11.              On 6 June 2019 the parties were sent an order of EJ Davies.  This required the claimant by 13 June to “confirm the basis on which she says she was dismissed and why that was an unfair dismissal” and to “confirm whether she seeks to advance any other type of claim”.  A preliminary hearing (PH) was fixed for 4 July, among other things to clarify the claims and to consider whether any of them should be the subject of a strike-out order or a deposit order. 

 

12.              On 12 June 2019 solicitors for the claimant sent a document to the tribunal which stated that during the course of her employment she had suffered from the following:

“a) Sexual harassment - complaints have been made to the management whom have ignored the claimant, was told that the matter was dealt with in house, the claimant never reported to the police, we advised the claimant to report the matter to the police the former employees discouraged her to report the matter (please see exhibit marked BS 1)

 

b) Constructive Dismissal/Discrimination - The claimant has various grievances that management was aware of (see letter of the 21st of November attached marked BS 2) as a result of the continued harassment, the claimant was left with no option other than to hand him her notice, she was driven to do this.

 

c) The Claimant claims that she was always singled out (a few examples are on the letter attached[)]

 

d) Bullying and Harassment - the Claimant claims stress in the work place, and is undergoing extensive therapy with Mr Ashraf and is on medication.

 

e) Loss of Earnings - The Claimant is unable to find suitable employment due to her mental wellbeing.

 

f) Loss of Pension.”

 

 

13.              The document also asserted that the claimant had been unable to provide clear instructions as she had had a mental breakdown.  Attached to the document was what appears to have been an early draft of the 28 November 2018 letter, dated 21 November 2018. 

 

14.              On 4 July 2019 a PH took place before EJ Lancaster.  Both parties were represented.  The minute recorded that it had not proved possible to clarify the issues or make orders as envisaged by the order of EJ Davies.  The hearing was adjourned and relisted to 28 August 2019 on which occasion the tribunal would also consider any application to amend the claim and whether time should be extended in respect of any claims to be added.

 

15.              The judge observed, in respect of the materials provided on 12 June, that it was conceded that the particulars of unfair dismissal were inadequate.  The judge continued:

“2. … There is, however, for the first time, specific reference made to “sexual harassment” and Mr Wiltshire confirmed today that it is intended to bring a complaint under section 26 (2) of the Equality Act 2010. Mr Wiltshire has also indicated today an intention to seek to amend further to add complaints of public interest disclosure detriment (or victimisation under [section] 27 of the Equality Act) arising out of the grievance raised in respect of the alleged sexual harassment.”

 

 

16.              The judge observed that the harassment complaint was significantly out of time, the last alleged act having been on 28 March 2018, but noted also the factual dispute as to whether the claimant had received the grievance outcome letter dated 22 May at that time.  The judge directed the claimant to present a fully particularised draft amended claim, together with any formal request in writing to amend the claim and any witness statement relied on in support her argument that it would be just and equitable to extend time, by 22 July 2019.  The respondent was then to provide any witness statement in response on the time point and any submissions objecting to the application to amend.

 

17.              On 22 July 2019 the claimant’s solicitors served a further and better particulars document.

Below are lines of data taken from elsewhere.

(* Let $0<\eta\le1/8$, $0<\delta<1$, and let $(q_1,\dots,q_n)$ be a probability distribution on $[n]$ (e.g. the diagonal of a density matrix $\tilde\rho$). Let $m=2.13\,\eta^{-2}(n\ln2+\ln(1/\delta))$, draw $N\sim\mathrm{Pois}(m)$, then draw $N$ independent samples from $(q_i)$, let $N_i$ be the number of samples equal to $i$, and set $\hat q_i=N_i/m$. Then with probability at least $1-\delta$, $\sum_{i=1}^n|q_i-\hat q_i|\le\eta$.
   Context: In the paper the samples are outcomes of measuring prepared copies of the state $\tilde\rho$ in the computational basis, so $q_i=\tilde\rho_{ii}$; the estimate divides by the expected number $m$ of samples, not by $N$. *)

theory Defs
  imports "HOL-Probability.Probability"
begin

definition poissonized_samples :: "real \<Rightarrow> 'a pmf \<Rightarrow> 'a list pmf" where
  "poissonized_samples m Q = bind_pmf (poisson_pmf m) (\<lambda>N. replicate_pmf N Q)"

end

theory Submission
  imports Defs
begin

(* The l1 distance sum_i |q_i - N_i/m| is the largest of the 2^n signed sums
   sum_i s_i (q_i - N_i/m) with s_i = +-1, so a union bound reduces the claim to
   a tail bound for one fixed sign vector.  Poissonization makes the exponential
   moments explicit: E exp (sum_k g x_k) = exp (m (E_Q exp g - 1)).  A Chernoff
   bound with tilt eta, together with exp (+-eta) -+ eta <= exp eta - eta, bounds
   each tail by exp (m (exp eta - 1 - eta - eta^2)); for eta <= 1/8 this exponent
   is at most -m eta^2 / 2.13 = -(n ln 2 + ln (1/delta)), which pays for the 2^n
   sign vectors. *)

lemma exp_minus_add_le_exp_diff:
  fixes x :: real
  assumes "0 \<le> x"
  shows "exp (-x) + x \<le> exp x - x"
proof -
  obtain t where "exp (-x) = (\<Sum>k<3. (-x) ^ k / fact k) + exp t / fact 3 * (-x) ^ 3"
    using Maclaurin_exp_le[of "-x" 3] by blast
  then have "exp (-x) \<le> 1 - x + x\<^sup>2 / 2"
    using assms by (simp add: numeral_3_eq_3 power2_eq_square)
  with exp_lower_Taylor_quadratic[OF assms] show ?thesis by linarith
qed

lemma exp_sub_quadratic_le:
  fixes x :: real
  assumes "0 < x" "x \<le> 1/8"
  shows "exp x - 1 - x - x\<^sup>2 \<le> -(100/213) * x\<^sup>2"
proof -
  obtain t where t: "\<bar>t\<bar> \<le> \<bar>x\<bar>" "exp x = (\<Sum>k<3. x ^ k / fact k) + exp t / fact 3 * x ^ 3"
    using Maclaurin_exp_le[of x 3] by blast
  have "exp t \<le> exp (1/8)" using t assms by simp
  also have "exp (1/8::real) \<le> 1 + 1/8 + (1/8)\<^sup>2" by (rule exp_bound) auto
  finally have "exp t \<le> 1.15" by (simp add: power2_eq_square)
  with t(2) assms have "exp x \<le> 1 + x + x\<^sup>2/2 + (23/120) * x ^ 3"
    by (simp add: numeral_3_eq_3 fact_numeral power2_eq_square mult_right_mono)
  moreover have "x ^ 3 \<le> x\<^sup>2 / 8"
    using assms by (simp add: power3_eq_cube power2_eq_square mult_left_mono)
  moreover have "0 \<le> x\<^sup>2" by simp
  ultimately show ?thesis by linarith
qed

lemma sum_list_map_eq_sum_count_list:
  fixes f :: "'a \<Rightarrow> 'b :: comm_semiring_1"
  assumes "finite I" "\<And>x. x \<notin> I \<Longrightarrow> f x = 0"
  shows "sum_list (map f xs) = (\<Sum>i\<in>I. of_nat (count_list xs i) * f i)"
proof (induction xs)
  case (Cons x xs)
  have "(\<Sum>i\<in>I. of_nat (count_list (x # xs) i) * f i)
      = (\<Sum>i\<in>I. of_nat (count_list xs i) * f i) + (\<Sum>i\<in>I. if x = i then f i else 0)"
    by (auto simp: sum.distrib[symmetric] distrib_right add.commute intro!: sum.cong)
  also have "(\<Sum>i\<in>I. if x = i then f i else 0) = f x"
    using assms by (simp add: sum.delta)
  finally show ?case using Cons by (simp add: add.commute)
qed simp

lemma nn_integral_exp_sum_list_replicate_pmf:
  fixes g :: "'a \<Rightarrow> real"
  shows "(\<integral>\<^sup>+xs. exp (sum_list (map g xs)) \<partial>replicate_pmf N Q) = (\<integral>\<^sup>+x. exp (g x) \<partial>Q) ^ N"
proof (induction N)
  case (Suc N)
  have "(\<integral>\<^sup>+xs. exp (sum_list (map g xs)) \<partial>replicate_pmf (Suc N) Q)
      = (\<integral>\<^sup>+x. \<integral>\<^sup>+xs. ennreal (exp (g x)) * exp (sum_list (map g xs)) \<partial>replicate_pmf N Q \<partial>Q)"
    by (simp add: exp_add ennreal_mult')
  also have "\<dots> = (\<integral>\<^sup>+x. ennreal (exp (g x)) * (\<integral>\<^sup>+x. exp (g x) \<partial>Q) ^ N \<partial>Q)"
    by (simp add: nn_integral_cmult Suc)
  also have "\<dots> = (\<integral>\<^sup>+x. exp (g x) \<partial>Q) ^ Suc N"
    by (simp add: nn_integral_multc mult.commute)
  finally show ?case .
qed simp

lemma nn_integral_power_poisson_pmf:
  fixes m z :: real
  assumes "0 < m" "0 \<le> z"
  shows "(\<integral>\<^sup>+N. ennreal z ^ N \<partial>poisson_pmf m) = exp (m * (z - 1))"
proof -
  have "(\<integral>\<^sup>+N. ennreal z ^ N \<partial>poisson_pmf m)
      = (\<integral>\<^sup>+N. ennreal (exp (-m) * ((m * z) ^ N /\<^sub>R fact N)) \<partial>count_space UNIV)"
    unfolding nn_integral_measure_pmf using assms
    by (intro nn_integral_cong) (simp add: ennreal_power ennreal_mult'[symmetric] power_mult_distrib field_simps)
  also have "\<dots> = (\<Sum>N. ennreal (exp (-m) * ((m * z) ^ N /\<^sub>R fact N)))"
    by (simp add: nn_integral_count_space_nat)
  also have "\<dots> = exp (-m) * exp (m * z)"
    using assms by (intro suminf_ennreal_eq sums_mult exp_converges) auto
  also have "exp (-m) * exp (m * z) = exp (m * (z - 1))"
    by (simp add: mult_exp_exp algebra_simps)
  finally show ?thesis .
qed

lemma nn_integral_exp_sum_list_poissonized_samples:
  fixes g :: "'a \<Rightarrow> real" and Q :: "'a pmf"
  assumes "0 < m" "integrable Q (\<lambda>x. exp (g x))"
  shows "(\<integral>\<^sup>+xs. exp (sum_list (map g xs)) \<partial>poissonized_samples m Q)
           = exp (m * ((\<integral>x. exp (g x) \<partial>Q) - 1))"
proof -
  have "(\<integral>\<^sup>+x. exp (g x) \<partial>Q) = ennreal (\<integral>x. exp (g x) \<partial>Q)"
    using assms(2) by (intro nn_integral_eq_integral) auto
  then show ?thesis
    using assms(1)
    by (simp add: poissonized_samples_def nn_integral_bind_pmf
                  nn_integral_exp_sum_list_replicate_pmf nn_integral_power_poisson_pmf)
qed

lemma poissonized_samples_signed_deviation_tail:
  fixes Q :: "'a pmf" and s :: "'a \<Rightarrow> real" and m \<theta> t :: real
  assumes "0 < m" "0 < \<theta>" "finite I" "set_pmf Q \<subseteq> I" "\<And>i. \<bar>s i\<bar> = 1"
  shows "measure_pmf.prob (poissonized_samples m Q)
           {xs. t \<le> (\<Sum>i\<in>I. s i * (real (count_list xs i) / m - pmf Q i))}
         \<le> exp (m * (exp \<theta> - 1 - \<theta> - \<theta> * t))"
proof -
  define g where "g i = (if i \<in> I then \<theta> * s i else 0)" for i
  define c where "c = (\<Sum>i\<in>I. s i * pmf Q i)"
  define \<phi> where "\<phi> = (\<Sum>i\<in>I. pmf Q i * exp (\<theta> * s i))"
  let ?P = "measure_pmf (poissonized_samples m Q)"
  have "integrable Q (\<lambda>x. exp (g x))"
    using assms(3,4) by (intro integrable_measure_pmf_finite) (auto intro: finite_subset)
  then have "(\<integral>\<^sup>+xs. exp (sum_list (map g xs)) \<partial>?P) = exp (m * ((\<integral>x. exp (g x) \<partial>Q) - 1))"
    by (rule nn_integral_exp_sum_list_poissonized_samples[OF assms(1)])
  also have "(\<integral>x. exp (g x) \<partial>Q) = \<phi>"
    unfolding \<phi>_def using assms(3,4) by (subst integral_measure_pmf_real[of I]) (auto simp: g_def mult.commute)
  finally have mgf: "has_bochner_integral ?P (\<lambda>xs. exp (sum_list (map g xs))) (exp (m * (\<phi> - 1)))"
    by (intro has_bochner_integral_nn_integral) auto
  have sum_g: "sum_list (map g xs) = \<theta> * (\<Sum>i\<in>I. s i * real (count_list xs i))" for xs
    by (subst sum_list_map_eq_sum_count_list[OF assms(3)]) (auto simp: g_def sum_distrib_left mult_ac)
  have deviation: "(\<Sum>i\<in>I. s i * (real (count_list xs i) / m - pmf Q i))
                  = (\<Sum>i\<in>I. s i * real (count_list xs i)) / m - c" for xs
    by (simp add: c_def right_diff_distrib sum_subtractf sum_divide_distrib)
  have rescale: "t \<le> S / m - c \<longleftrightarrow> \<theta> * (m * (t + c)) \<le> \<theta> * S" for S
  proof -
    have "t \<le> S / m - c \<longleftrightarrow> m * (t + c) \<le> S" using assms(1) by (simp add: field_simps)
    also have "\<dots> \<longleftrightarrow> \<theta> * (m * (t + c)) \<le> \<theta> * S" using assms(2) by simp
    finally show ?thesis .
  qed
  have event: "{xs. t \<le> (\<Sum>i\<in>I. s i * (real (count_list xs i) / m - pmf Q i))}
             = {xs \<in> space ?P. \<theta> * (m * (t + c)) \<le> sum_list (map g xs)}"
    by (simp add: deviation rescale sum_g)
  have "measure ?P {xs \<in> space ?P. \<theta> * (m * (t + c)) \<le> sum_list (map g xs)}
      \<le> exp (- 1 * (\<theta> * (m * (t + c)))) * (\<integral>xs\<in>space ?P. exp (1 * sum_list (map g xs)) \<partial>?P)"
    using mgf by (intro measure_pmf.Chernoff_ineq_ge) (auto simp: set_integrable_def has_bochner_integral_iff)
  also have "\<dots> = exp (m * (\<phi> - \<theta> * c - 1 - \<theta> * t))"
    using mgf by (simp add: set_lebesgue_integral_def has_bochner_integral_iff mult_exp_exp algebra_simps)
  also have "\<dots> \<le> exp (m * (exp \<theta> - 1 - \<theta> - \<theta> * t))"
  proof -
    have "\<phi> - \<theta> * c = (\<Sum>i\<in>I. pmf Q i * (exp (\<theta> * s i) - \<theta> * s i))"
      by (simp add: \<phi>_def c_def sum_distrib_left right_diff_distrib sum_subtractf mult_ac)
    also have "\<dots> \<le> (\<Sum>i\<in>I. pmf Q i * (exp \<theta> - \<theta>))"
    proof (intro sum_mono mult_left_mono)
      fix i
      have "s i = 1 \<or> s i = -1" using assms(5)[of i] by linarith
      then show "exp (\<theta> * s i) - \<theta> * s i \<le> exp \<theta> - \<theta>"
        using exp_minus_add_le_exp_diff[of \<theta>] assms(2) by auto
    qed simp
    also have "\<dots> = exp \<theta> - \<theta>"
      using assms(3,4) by (simp add: sum_distrib_right[symmetric] sum_pmf_eq_1)
    finally show ?thesis using assms(1) by (simp add: mult_left_mono)
  qed
  finally show ?thesis by (simp only: event)
qed

definition sign_pattern :: "'a set \<Rightarrow> 'a \<Rightarrow> real" where
  "sign_pattern A i = (if i \<in> A then 1 else -1)"

lemma abs_sign_pattern [simp]: "\<bar>sign_pattern A i\<bar> = 1"
  by (simp add: sign_pattern_def)

lemma sum_abs_eq_sum_sign_pattern:
  fixes a :: "'a \<Rightarrow> real"
  shows "(\<Sum>i\<in>I. \<bar>a i\<bar>) = (\<Sum>i\<in>I. sign_pattern {i \<in> I. 0 \<le> a i} i * a i)"
  by (intro sum.cong) (auto simp: sign_pattern_def)

lemma prob_sum_abs_ge_le_sum_sign_patterns:
  fixes P :: "'b pmf" and f :: "'b \<Rightarrow> 'a \<Rightarrow> real"
  assumes "finite I"
  shows "measure_pmf.prob P {x. t \<le> (\<Sum>i\<in>I. \<bar>f x i\<bar>)}
         \<le> (\<Sum>A\<in>Pow I. measure_pmf.prob P {x. t \<le> (\<Sum>i\<in>I. sign_pattern A i * f x i)})"
proof -
  have "{x. t \<le> (\<Sum>i\<in>I. \<bar>f x i\<bar>)} \<subseteq> (\<Union>A\<in>Pow I. {x. t \<le> (\<Sum>i\<in>I. sign_pattern A i * f x i)})"
    by (force simp: sum_abs_eq_sum_sign_pattern)
  then have "measure_pmf.prob P {x. t \<le> (\<Sum>i\<in>I. \<bar>f x i\<bar>)}
             \<le> measure_pmf.prob P (\<Union>A\<in>Pow I. {x. t \<le> (\<Sum>i\<in>I. sign_pattern A i * f x i)})"
    by (intro measure_pmf.finite_measure_mono) auto
  also have "\<dots> \<le> (\<Sum>A\<in>Pow I. measure_pmf.prob P {x. t \<le> (\<Sum>i\<in>I. sign_pattern A i * f x i)})"
    using assms by (intro measure_pmf.finite_measure_subadditive_finite) auto
  finally show ?thesis .
qed

lemma poissonized_samples_l1_deviation_tail:
  fixes Q :: "'a pmf" and m \<theta> t :: real
  assumes "0 < m" "0 < \<theta>" "finite I" "set_pmf Q \<subseteq> I"
  shows "measure_pmf.prob (poissonized_samples m Q)
           {xs. t \<le> (\<Sum>i\<in>I. \<bar>pmf Q i - real (count_list xs i) / m\<bar>)}
         \<le> 2 ^ card I * exp (m * (exp \<theta> - 1 - \<theta> - \<theta> * t))"
proof -
  let ?P = "poissonized_samples m Q"
  have "measure_pmf.prob ?P {xs. t \<le> (\<Sum>i\<in>I. \<bar>pmf Q i - real (count_list xs i) / m\<bar>)}
        \<le> (\<Sum>A\<in>Pow I. measure_pmf.prob ?P
               {xs. t \<le> (\<Sum>i\<in>I. sign_pattern A i * (pmf Q i - real (count_list xs i) / m))})"
    using assms(3) by (rule prob_sum_abs_ge_le_sum_sign_patterns)
  also have "\<dots> \<le> (\<Sum>A\<in>Pow I. exp (m * (exp \<theta> - 1 - \<theta> - \<theta> * t)))"
  proof (intro sum_mono)
    fix A
    have "(\<Sum>i\<in>I. sign_pattern A i * (pmf Q i - real (count_list xs i) / m))
          = (\<Sum>i\<in>I. - sign_pattern A i * (real (count_list xs i) / m - pmf Q i))" for xs
      by (intro sum.cong) (simp_all add: algebra_simps)
    then show "measure_pmf.prob ?P {xs. t \<le> (\<Sum>i\<in>I. sign_pattern A i * (pmf Q i - real (count_list xs i) / m))}
               \<le> exp (m * (exp \<theta> - 1 - \<theta> - \<theta> * t))"
      using poissonized_samples_signed_deviation_tail[OF assms, where s = "\<lambda>i. - sign_pattern A i"] by simp
  qed
  also have "\<dots> = 2 ^ card I * exp (m * (exp \<theta> - 1 - \<theta> - \<theta> * t))"
    using assms(3) by (simp add: card_Pow)
  finally show ?thesis .
qed

theorem lemma8:
  fixes \<eta> \<delta> :: real and n :: nat and Q :: "nat pmf"
  assumes "0 < \<eta>" "\<eta> \<le> 1/8" "0 < \<delta>" "\<delta> < 1"
    and "set_pmf Q \<subseteq> {1..n}"
  defines "m \<equiv> 2.13 * \<eta> powi (-2) * (real n * ln 2 + ln (1 / \<delta>))"
  shows "measure_pmf.prob (poissonized_samples m Q)
           {xs. (\<Sum>i=1..n. \<bar>pmf Q i - real (count_list xs i) / m\<bar>) \<le> \<eta>} \<ge> 1 - \<delta>"
proof -
  define L where "L = real n * ln 2 + ln (1 / \<delta>)"
  let ?P = "poissonized_samples m Q"
  let ?far = "{xs. \<eta> \<le> (\<Sum>i=1..n. \<bar>pmf Q i - real (count_list xs i) / m\<bar>)}"
  have "0 < L" using assms(3,4) by (simp add: L_def add_nonneg_pos)
  then have "0 < m" and m_\<eta>: "m * \<eta>\<^sup>2 = 2.13 * L"
    using assms(1) by (simp_all add: m_def L_def power_int_minus field_simps)
  have "exp (m * (exp \<eta> - 1 - \<eta> - \<eta> * \<eta>)) \<le> exp (- L)"
    using mult_left_mono[OF exp_sub_quadratic_le[OF assms(1,2)], of m] \<open>0 < m\<close> m_\<eta>
    by (simp add: power2_eq_square algebra_simps)
  moreover have "exp L = 2 ^ n / \<delta>"
    using assms(3) by (simp add: L_def exp_add exp_of_nat_mult)
  ultimately have "2 ^ n * exp (m * (exp \<eta> - 1 - \<eta> - \<eta> * \<eta>)) \<le> \<delta>"
    by (simp add: exp_minus field_simps)
  then have "measure_pmf.prob ?P ?far \<le> \<delta>"
    using poissonized_samples_l1_deviation_tail[OF \<open>0 < m\<close> assms(1) _ assms(5), of \<eta>] by simp
  moreover have "measure_pmf.prob ?P (space ?P - ?far) = 1 - measure_pmf.prob ?P ?far"
    by (rule measure_pmf.prob_compl) simp
  moreover have "measure_pmf.prob ?P (space ?P - ?far) \<le> measure_pmf.prob ?P
                   {xs. (\<Sum>i=1..n. \<bar>pmf Q i - real (count_list xs i) / m\<bar>) \<le> \<eta>}"
    by (intro measure_pmf.finite_measure_mono) auto
  ultimately show ?thesis by linarith
qed

end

This asserted that the matters complained of in the claim form statement together amounted to a cumulative breach of the implied duty of trust and confidence, with the last straw being a failure to support the claimant on 8 November 2018 when her team leader was on holiday.  The allegations of sexual harassment were as set out in paragraph 1 of that statement.  I interpose that paragraph 1 had given an account of the three alleged incidents involving the HR manager in March 2018. 

 

18.              As to victimisation, the protected act was said to be the April grievance about that alleged harassment, and the detrimental treatment was said to be all the various conduct from thereafter up until November, referred to in the original particulars.  It was alleged that the respondent had thereby been seeking to manage the claimant out of the business.  As to limitation, in respect of any act or omission that was not a continuing act, it was just and equitable to extend time and “any such claim is additional to and overlaps with the constructive dismissal complaints presented within time”.

 

19.              At the same time the claimant’s solicitors served an application to amend the particulars of claim to include claims of harassment related to sex and victimisation.  After referring to Selkent Bus Co Limited v Moore [1996] ICR 836 EAT and Cocking v Sandhurst (Stationers) Limited [1974] ICR 650, a section dealing with the sexual harassment claim began as follows:

“4. The Claimants [sic] ET1 does not specifically bring a claim for Sexual Harassment however the first paragraph of her statement attached to the ET1 outlines the acts of Sexual Harassment complained of. The Claimant is clearly not attempting to introduce a new factual matrix to her claim. This is a case of re‑labelling of an existing claim following appropriate advice on the way such a claim must be pleaded.”

 

 

20.              It went on to suggest that, as there had been an investigation at the time, the respondent would not be disadvantaged by the passage of time, and referred to the claimant’s witness statement as to why it would be just and equitable to extend time.  As to victimisation, it was said that the respondent’s dealings with the claimant changed after she made the sexual harassment allegations.  She relied on all the matters after that date raised in her claim form.  The last act of victimisation was on 8 November 2018, so that, had a victimisation claim been identified in the claim form itself, it would have been in time.  This was said to be a case of re‑labelling in circumstances where the claimant had struggled to articulate her victimisation claim previously at a time when she was unwell.  It was said again that she had suffered some form of nervous breakdown in February 2019. 

 

21.              On 5 August 2019 the respondent tabled an objection to the application to amend, supported by a witness statement from Ms Hickling stating that she had personally hand‑delivered the grievance outcome letter to the claimant on 22 May 2018. 

 

The Decision Under Appeal

22.              There was a PH on 28 August 2019 before EJ Shulman.  Both parties were represented.  In a reserved decision the judge struck out the claim of unfair dismissal and refused both the amendment applications.  After reciting the history of the litigation and setting out the law, including pertinent authorities, section 5 of the tribunal’s reasons was headed “Facts” but it then had the subheading:

“In so far as these could be ascertained after careful review of oral evidence and from the bundle agreed for this hearing, the Tribunal records the following as being relevant to those matters and/or the applications before it.”

 

23.              The tribunal listed each of the allegations of treatment of which the claimant complained in the period from January to November 2018, interpolating the respondent’s brief position in response.  The tribunal set out the warnings that the claimant had received over matters of absence and lateness.  It set out the substance of the claimant's allegations of sexual harassment and the material before it regarding the dispute about whether she had received the 22 May 2018 letter at the time.  It referred to the claimant saying that she had suffered from mental health problems from around September 2018, but stated that it considered that the letters provided to the tribunal did not provide support for that contention.  The tribunal noted that the claimant had instructed solicitors in March 2019, but that no claim of sexual harassment had appeared in the claim form lodged by them.  The tribunal also noted that the alleged perpetrator had left the respondent’s employment in April 2018.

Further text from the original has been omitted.